# Whistler got fixed today



## AcadianTornado (Jul 30, 2012)

Hey guys,

Little update, Whistler had the big operation today. Poor kid. Vet just called to let me know he was doing fine. Apparently he bled a bit more than usual but nothing off the charts. He had a golf ball sized lump on his chest 2 weeks ago and we couldn't figure it out. Apparently he may have had a run in with a porcupine or another (spine from a Pine tree).. Any suggestions on a nice chest protector? I have the Rivers West blaze orange coat that still fits. Seeing as though he goes offleash so much, I think we have no choice in putting something on him when he's barreling through the woods... 

AT


----------



## solefald (May 16, 2013)

Get him a skid plate.

http://www.gundogsupply.com/skid-plate-oreange.html


----------



## AcadianTornado (Jul 30, 2012)

Still a happy kid


----------



## redbirddog (Apr 23, 2010)

AT,

Ever see Astro on the Jetsons? Whistler does a perfect impression.

Happy boy.

RBD


----------



## hobbsy1010 (Jun 4, 2011)

I'm really hoping that's a dog chew!!! ;D 

Hobbsy


----------



## solefald (May 16, 2013)

Lol. There was a thread on Reddit the other day where people discussed how much that looked like a sex toy


----------



## AcadianTornado (Jul 30, 2012)

Hobbsy, I can confirm, it is a chew toy  
RBD, Whistler is many things here in the household: ping pong ball, race car driver, Jetsons, alarm system, hunter, loverboy, and the list goes on!


----------



## Darcy1311 (May 27, 2012)

hobbsy1010 said:


> I'm really hoping that's a dog chew!!! ;D
> 
> Hobbsy


 Darcy has one of those chews.... : :..she carries it through our village, she gets a few strange looks ;D..it's rubber and shocking pink. :...my wife says she wants one for Christmas, I think this really strange as she never walks Darcy


----------



## solefald (May 16, 2013)

> I think this really strange as she never walks Darcy


Maybe she is... teething?


----------



## hobbsy1010 (Jun 4, 2011)

Darcy1311 said:


> hobbsy1010 said:
> 
> 
> > I'm really hoping that's a dog chew!!! ;D
> ...



I sometimes walk my two with an old black lab and it's owner( who shall remain anonymous) but is quite a high ranking police officer.
He loves to tell his tale of a Saturday morning walk with his lab named ( I'm sure he won't mind) Meg....

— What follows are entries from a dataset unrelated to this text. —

lemma fadic_cong_trans: "fadic_cong f k x y \<Longrightarrow> fadic_cong f k y z \<Longrightarrow> fadic_cong f k x z"
  unfolding fadic_cong_def
proof (elim exE)
  fix a b a' b'
  assume "x - y = fps_const ((f $ 0) ^ k) * a + f * b" "y - z = fps_const ((f $ 0) ^ k) * a' + f * b'"
  then have "x - z = fps_const ((f $ 0) ^ k) * (a + a') + f * (b + b')"
    by (simp add: algebra_simps)
  then show "\<exists>a b. x - z = fps_const ((f $ 0) ^ k) * a + f * b" by blast
qed

lemma fadic_compatible_has_limit:
  fixes f :: "'a::comm_ring_1 fps"
  assumes "\<forall>n. fadic_cong f n (a (Suc n)) (a n)"
  shows "\<exists>s. \<forall>n. fadic_cong f n s (a n)"
proof -
  from assms obtain d e where de: "\<And>n. a (Suc n) - a n = fps_const ((f $ 0) ^ n) * d n + f * e n"
    unfolding fadic_cong_def by metis
  define G where "G n = a n - f * (\<Sum>k<n. e k)" for n
  have "G (Suc n) - G n = fps_const ((f $ 0) ^ n) * d n" for n
    using de[of n] by (simp add: G_def algebra_simps)
  from fadic_limit_of_increments[OF this] obtain g H E
    where gHE: "\<And>n. G n - g = f * H n - fps_const ((f $ 0) ^ n) * E n"
    by blast
  have "g - a n = fps_const ((f $ 0) ^ n) * E n + f * (- (H n + (\<Sum>k<n. e k)))" for n
    using gHE[of n] by (simp add: G_def algebra_simps)
  then show ?thesis unfolding fadic_cong_def by blast
qed

lemma fadic_Cauchy_imp_converges:
  fixes f :: "'a::comm_ring_1 fps"
  assumes "fadic_Cauchy f s"
  shows "fadic_converges f s"
proof -
  from assms obtain N where N: "\<And>k m n. m \<ge> N k \<Longrightarrow> n \<ge> N k \<Longrightarrow> fadic_cong f k (s m) (s n)"
    unfolding fadic_Cauchy_def by metis
  define M where "M k = (\<Sum>j\<le>k. N j)" for k
  have MN: "N k \<le> M k" for k unfolding M_def by (rule member_le_sum) auto
  have M_mono: "M k \<le> M (Suc k)" for k unfolding M_def by (rule sum_mono2) auto
  have "fadic_cong f k (s (M (Suc k))) (s (M k))" for k
    by (intro N) (use MN[of k] M_mono[of k] in linarith)+
  then obtain l where l: "\<And>k. fadic_cong f k l (s (M k))"
    using fadic_compatible_has_limit[of f "\<lambda>k. s (M k)"] by blast
  have "fadic_cong f k (s n) l" if "n \<ge> M k" for k n
  proof -
    have "fadic_cong f k (s n) (s (M k))"
      by (intro N) (use MN[of k] that in linarith)+
    then show ?thesis using fadic_cong_sym[OF l[of k]] by (rule fadic_cong_trans)
  qed
  then show ?thesis unfolding fadic_converges_def by blast
qed

lemma fps_const_dvd_coeffwise:
  fixes F :: "'a::comm_ring_1 fps"
  assumes "\<And>i. c dvd F $ i"
  shows "\<exists>A. F = fps_const c * A"
proof -
  have "\<forall>i. \<exists>a. F $ i = c * a" using assms by (auto simp: dvd_def)
  from choice[OF this] obtain a where "\<And>i. F $ i = c * a i" by blast
  then have "F = fps_const c * Abs_fps a" by (intro fps_ext) simp
  then show ?thesis by blast
qed

text \<open>Reduction \<open>R^[[X]] \<rightarrow> (R/t\<^sup>nR)[[X]]\<close>, on representatives.\<close>
definition compl_slice :: "nat \<Rightarrow> (nat \<Rightarrow> 'a) fps \<Rightarrow> 'a fps" where
  "compl_slice n G = Abs_fps (\<lambda>i. (G $ i) n)"

lemma compl_slice_eqI: "(\<And>n. compl_slice n G = compl_slice n G') \<Longrightarrow> G = G'"
  unfolding compl_slice_def fps_eq_iff by (metis fps_nth_Abs_fps ext)

lemma sum_fun_apply: "(\<Sum>x\<in>A. F x) n = (\<Sum>x\<in>A. F x n)"
  by (induction A rule: infinite_finite_induct) auto

lemma compl_slice_add: "compl_slice n (G + G') = compl_slice n G + compl_slice n G'"
  and compl_slice_diff: "compl_slice n (G - G') = compl_slice n G - compl_slice n G'"
  and compl_slice_embed: "compl_slice n (compl_embed g) = g"
  and compl_slice_embed_mult: "compl_slice n (compl_embed g * H) = g * compl_slice n H"
  by (simp_all add: compl_slice_def compl_embed_def fps_eq_iff fps_mult_nth sum_fun_apply)

lemma canon_map_inj:
  fixes f :: "'a::comm_ring_1 fps"
  assumes "compl_embed g \<in> compl_ps_ideal (f $ 0) f"
  shows "fadic_cong f n g 0"
proof -
  from assms obtain H N where N: "\<forall>i. N $ i \<in> compl_null (f $ 0)"
    and eq: "compl_embed g = N + compl_embed f * H"
    unfolding compl_ps_ideal_def by blast
  have "g = compl_slice n N + f * compl_slice n H"
    using arg_cong[OF eq, of "compl_slice n"] by (simp add: compl_slice_add compl_slice_embed compl_slice_embed_mult)
  moreover obtain A where "compl_slice n N = fps_const ((f $ 0) ^ n) * A"
    using N fps_const_dvd_coeffwise[of "(f $ 0) ^ n" "compl_slice n N"]
    by (auto simp: compl_slice_def compl_null_def)
  ultimately show ?thesis unfolding fadic_cong_def by (metis diff_zero)
qed

lemma canon_map_surj:
  fixes f :: "'a::comm_ring_1 fps"
  assumes G: "\<forall>i. G $ i \<in> compl_carrier (f $ 0)"
  shows "\<exists>g. G - compl_embed g \<in> compl_ps_ideal (f $ 0) f"
proof -
  define S where "S n = compl_slice n G" for n
  have "\<forall>n. \<exists>D. S (Suc n) - S n = fps_const ((f $ 0) ^ n) * D"
    using G by (intro allI fps_const_dvd_coeffwise) (simp add: S_def compl_slice_def compl_carrier_def)
  from choice[OF this] obtain D where D: "\<And>n. S (Suc n) - S n = fps_const ((f $ 0) ^ n) * D n"
    by blast
  obtain g H E where
    gHE: "\<And>n. S n - g = f * H n - fps_const ((f $ 0) ^ n) * E n"
      and H_incr: "\<And>n. H (Suc n) - H n = fps_const ((f $ 0) ^ n) * E (Suc n)"
    using fadic_limit_of_increments[OF D] by blast
  define H' where "H' = Abs_fps (\<lambda>i n. H n $ i)"
  define N where "N = Abs_fps (\<lambda>i n. - ((f $ 0) ^ n * E n $ i))"
  have "G - compl_embed g = N + compl_embed f * H'"
  proof (rule compl_slice_eqI)
    fix n
    have slices: "compl_slice n H' = H n" "compl_slice n N = - (fps_const ((f $ 0) ^ n) * E n)"
      by (simp_all add: compl_slice_def H'_def N_def fps_eq_iff)
    have "compl_slice n (G - compl_embed g) = f * H n - fps_const ((f $ 0) ^ n) * E n"
      using gHE[of n] by (simp add: S_def compl_slice_diff compl_slice_embed)
    also have "\<dots> = compl_slice n (N + compl_embed f * H')"
      using slices by (simp add: compl_slice_add compl_slice_embed_mult)
    finally show "compl_slice n (G - compl_embed g) = compl_slice n (N + compl_embed f * H')" .
  qed
  moreover have "H' $ i \<in> compl_carrier (f $ 0)" for i
  proof -
    have "(H' $ i) (Suc n) - (H' $ i) n = (f $ 0) ^ n * E (Suc n) $ i" for n
      using arg_cong[OF H_incr[of n], of "\<lambda>x. x $ i"] by (simp add: H'_def)
    then show ?thesis unfolding compl_carrier_def by simp
  qed
  moreover have "N $ i \<in> compl_null (f $ 0)" for i
    unfolding compl_null_def N_def by simp
  ultimately have "G - compl_embed g \<in> compl_ps_ideal (f $ 0) f"
    unfolding compl_ps_ideal_def by blast
  then show ?thesis by (rule exI)
qed

section \<open>Closedness of the ideal (f): the nonzerodivisor case\<close>

definition X_power_ideal :: "'a::comm_ring_1 fps \<Rightarrow> nat \<Rightarrow> 'a fps set" where
  "X_power_ideal f n = {fps_X ^ n * a + f * b |a b. True}"

lemma X_power_ideal_iff: "g \<in> X_power_ideal f n \<longleftrightarrow> (\<exists>a b. g = fps_X ^ n * a + f * b)"
  by (simp add: X_power_ideal_def)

Xxxxx moving close to the end of their daily 50 minute walk, was calling Meg who was rustling round in some undergrowth, close to a bridge where the two had to cross on their way home.
After repeatedly calling his beloved Lab, she finally emursed from the brush with a sizeable stick in her mouth, ready to carry home.
As owner and dog crossed the busy footbridge ( Saturday morning sports fields!!) where he passed a number of pedestrians 'smirking' and 'snickering' at him and his pup!!!!!

Finally getting to the other side of the bridge and out onto the playing field Meg decides to drop the 'Stick' for some final retrieve fun before home....

Xxxxx, picked the 'Stick' up, only to find that his trusted Meg had retrieved a 12 inch, black, shall we say 'sex toy'!!!

Well with so many people around you can imagine his initial horror of his find!!
His next dilemma, being a upstanding officer of the 'laaawww',
Should he bin it in the park or take it home and dispose of it and risk further questioning from his wife!!!!

As an upstanding member of the law he took it home and disposed of it!!! His wife was more concerned with him picking it up with bare hands and carrying it down their street, than listening to his explanation of the find!!!!' ;D 

Hobbsy


----------



## redbirddog (Apr 23, 2010)

http://www.youtube.com/watch?v=_eQHRnHHd4M

Annabelle the Vizsla in a You Tube episode "The Collar."

Enjoy

RBD


----------